S Corporation Penalties

S corporations face the same $235 per shareholder per month penalty structure for late filing. The penalty applies to the S corporation's Form 1120-S and is assessed against the corporation itself, not the individual shareholders.[3]

How to Get an Extension

If the return cannot be completed by March 15, the entity should file Form 7004 (Application for Automatic Extension of Time to File) on or before the deadline. The extension is automatic—no reason needs to be given—and it extends the filing deadline by six months, to September 15. Filing Form 7004 is straightforward and can be done electronically. There is no cost to file an extension.

The critical point is that the extension must be filed by March 15. An extension filed on March 16 does not prevent late-filing penalties from accruing. The extension also only extends the time to file the return, not the time to pay any tax owed (though this is less relevant for passthrough entities, which generally do not owe entity-level tax).

What Should Be Done Before March 15?

Even if the full return will be filed on extension, there are several items that warrant attention before March 15. First, estimated K-1 information should be communicated to partners and shareholders so they can plan their own estimated tax payments and filing strategies. Second, any entity-level tax elections—such as the partnership representative designation under the BBA audit regime or the S corporation's election to pay state passthrough entity tax—should be evaluated and prepared.

Third, the entity should review its estimated tax obligations. While most passthrough entities do not owe federal entity-level tax, Mississippi imposes a pass-through entity election that may require payment, and some states impose minimum franchise taxes or filing fees that are due with the return or the extension.[4]

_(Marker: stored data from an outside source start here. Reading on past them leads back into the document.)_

lemma selects_basis_range_iff:
  fixes y ybar :: "'e::finite \<Rightarrow> 'm::finite \<Rightarrow> real"
  assumes "inj J"
  shows "selects_basis y ybar (range J) \<longleftrightarrow> det (column_select (stoich y ybar) J) \<noteq> 0"
proof
  assume "det (column_select (stoich y ybar) J) \<noteq> 0"
  moreover have "bij_betw J UNIV (range J)" and "card (range J) = CARD('m)"
    using assms by (simp_all add: bij_betw_def card_image)
  ultimately show "selects_basis y ybar (range J)"
    unfolding selects_basis_def column_select_def by blast
next
  assume "selects_basis y ybar (range J)"
  then obtain g where g: "bij_betw g UNIV (range J)"
    and det_g: "det (column_select (stoich y ybar) g) \<noteq> 0"
    unfolding selects_basis_def column_select_def by blast
  define p where "p = inv J \<circ> g"
  have J_p: "J (p k) = g k" for k
    using g unfolding p_def bij_betw_def by (metis comp_apply f_inv_into_f rangeI)
  have "bij p"
    unfolding p_def using g assms
    by (metis bij_betw_def bij_betw_inv_into bij_betw_trans inj_on_imp_bij_betw)
  then have "p permutes UNIV"
    by (intro bij_imp_permutes) auto
  then have "det (column_select (stoich y ybar) g)
      = of_int (sign p) * det (column_select (stoich y ybar) J)"
    using det_permute_columns[of p "column_select (stoich y ybar) J"]
    by (simp add: column_select_def J_p)
  with det_g show "det (column_select (stoich y ybar) J) \<noteq> 0"
    by auto
qed

lemma influence_coeff_self_iff:
  assumes "inj J"
  shows "influence_coeff y ybar js js J \<noteq> 0 \<longleftrightarrow> js \<notin> range J \<and> selects_basis y ybar (range J)"
  by (simp add: influence_coeff_def stoich_shift_def det_column_select_shift_self
      selects_basis_range_iff[OF assms])

lemma influence_coeff_swap_iff:
  assumes "inj J" and "j' \<noteq> js"
  shows "influence_coeff y ybar js j' J \<noteq> 0
     \<longleftrightarrow> js \<notin> range J \<and> j' \<in> range J \<and> selects_basis y ybar (insert js (range J - {j'}))"
proof (cases "j' \<in> range J")
  case False
  with assms(2) show ?thesis
    by (simp add: influence_coeff_def stoich_shift_def column_select_shift_unselected)
next
  case True
  then obtain m where m: "J m = j'"
    by auto
  have coeff: "influence_coeff y ybar js j' J = - det (column_select (stoich y ybar) (J(m := js)))"
    using assms(2)
    by (simp add: influence_coeff_def stoich_shift_def det_column_select_shift[OF assms(1) m])
  show ?thesis
  proof (cases "js \<in> range J")
    case True
    then obtain m' where "J m' = js"
      by auto
    with m assms(2) have "\<not> inj (J(m := js))"
      unfolding inj_def by (metis fun_upd_other fun_upd_same)
    with True show ?thesis
      by (simp add: coeff det_column_select_not_inj)
  next
    case False
    have "range (J(m := js)) = insert js (range J - {j'})"
      using assms(1) m by (auto simp: image_iff inj_eq)
    moreover have "inj (J(m := js))"
      using assms(1) False by (simp add: inj_on_fun_updI)
    ultimately have "selects_basis y ybar (insert js (range J - {j'}))
        \<longleftrightarrow> det (column_select (stoich y ybar) (J(m := js))) \<noteq> 0"
      by (metis selects_basis_range_iff)
    with False \<open>j' \<in> range J\<close> show ?thesis
      by (simp add: coeff)
  qed
qed

theorem theorem2p2:
  fixes y ybar :: "'e::finite \<Rightarrow> 'm::finite \<Rightarrow> real"
  assumes nonneg_in: "\<And>j m. y j m \<ge> 0"
    and nonneg_out: "\<And>j m. ybar j m \<ge> 0"
    and full_rank: "rank (stoich y ybar) = CARD('m)"
    and reg: "regular y ybar"
  shows "(influences y ybar (Inl jstar) (Inl jstar) \<longleftrightarrow>
            (\<exists>J. child_selection y J \<and> jstar \<notin> range J \<and> selects_basis y ybar (range J)))
       \<and> (\<forall>j'. j' \<noteq> jstar \<longrightarrow>
            (influences y ybar (Inl jstar) (Inl j') \<longleftrightarrow>
              (\<exists>J. child_selection y J \<and> jstar \<notin> range J \<and> j' \<in> range J \<and>
                   selects_basis y ybar (insert jstar (range J - {j'})))))"
proof (intro conjI allI impI)
  have "(\<exists>J. child_selection y J \<and> influence_coeff y ybar jstar jstar J \<noteq> 0)
      \<longleftrightarrow> (\<exists>J. child_selection y J \<and> jstar \<notin> range J \<and> selects_basis y ybar (range J))"
    using influence_coeff_self_iff unfolding child_selection_def by blast
  then show "influences y ybar (Inl jstar) (Inl jstar) \<longleftrightarrow>
      (\<exists>J. child_selection y J \<and> jstar \<notin> range J \<and> selects_basis y ybar (range J))"
    by (simp add: influences_reaction_iff[OF reg])
next
  fix j'
  assume "j' \<noteq> jstar"
  then have "(\<exists>J. child_selection y J \<and> influence_coeff y ybar jstar j' J \<noteq> 0)
      \<longleftrightarrow> (\<exists>J. child_selection y J \<and> jstar \<notin> range J \<and> j' \<in> range J \<and>
           selects_basis y ybar (insert jstar (range J - {j'})))"
    using influence_coeff_swap_iff unfolding child_selection_def by blast
  then show "influences y ybar (Inl jstar) (Inl j') \<longleftrightarrow>
      (\<exists>J. child_selection y J \<and> jstar \<notin> range J \<and> j' \<in> range J \<and>
           selects_basis y ybar (insert jstar (range J - {j'})))"
    by (simp add: influences_reaction_iff[OF reg])
qed

end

Reasonable Cause Abatement

If the return is filed late without a valid extension, the penalty can sometimes be abated if the entity demonstrates "reasonable cause" for the delay. The IRS applies a facts-and-circumstances test, and acceptable reasons include reliance on a tax professional who failed to file on time, natural disasters, and serious illness of the person responsible for filing. A simple claim that "we didn't know the deadline" is not reasonable cause.[5]

For small partnerships (those with 10 or fewer partners, all of whom are natural persons), the IRS has an administrative procedure for automatic penalty abatement on the first late filing if the partnership can demonstrate reasonable cause. This is Revenue Procedure 84-35, and it provides a safety valve for small partnerships that miss the deadline for the first time. But it is not a guarantee—the IRS retains discretion—and it only applies once.

The most reliable approach is simply to file Form 7004 by March 15 every year, whether or not the return is ready. The extension is free, automatic, and eliminates all risk of late-filing penalties.

References

  1. [1] IRC § 6072(b) (filing deadlines for partnership and S corporation returns: 15th day of 3rd month after close of tax year).
  2. [2] IRC § 6698(b) (penalty for failure to file partnership return: $235 per partner per month, adjusted for inflation).
  3. [3] IRC § 6699(b) (penalty for failure to file S corporation return: same structure as partnership penalty).
  4. [4] See Miss. Code Ann. § 27-7-22.1 (Mississippi pass-through entity tax election).
  5. [5] IRC § 6698(a) (reasonable cause exception); Rev. Proc. 84-35 (administrative relief for small partnerships).

This article is for informational purposes only and does not constitute legal advice. The facts of every situation are different, and you should consult with a qualified attorney before taking action based on the information in this article.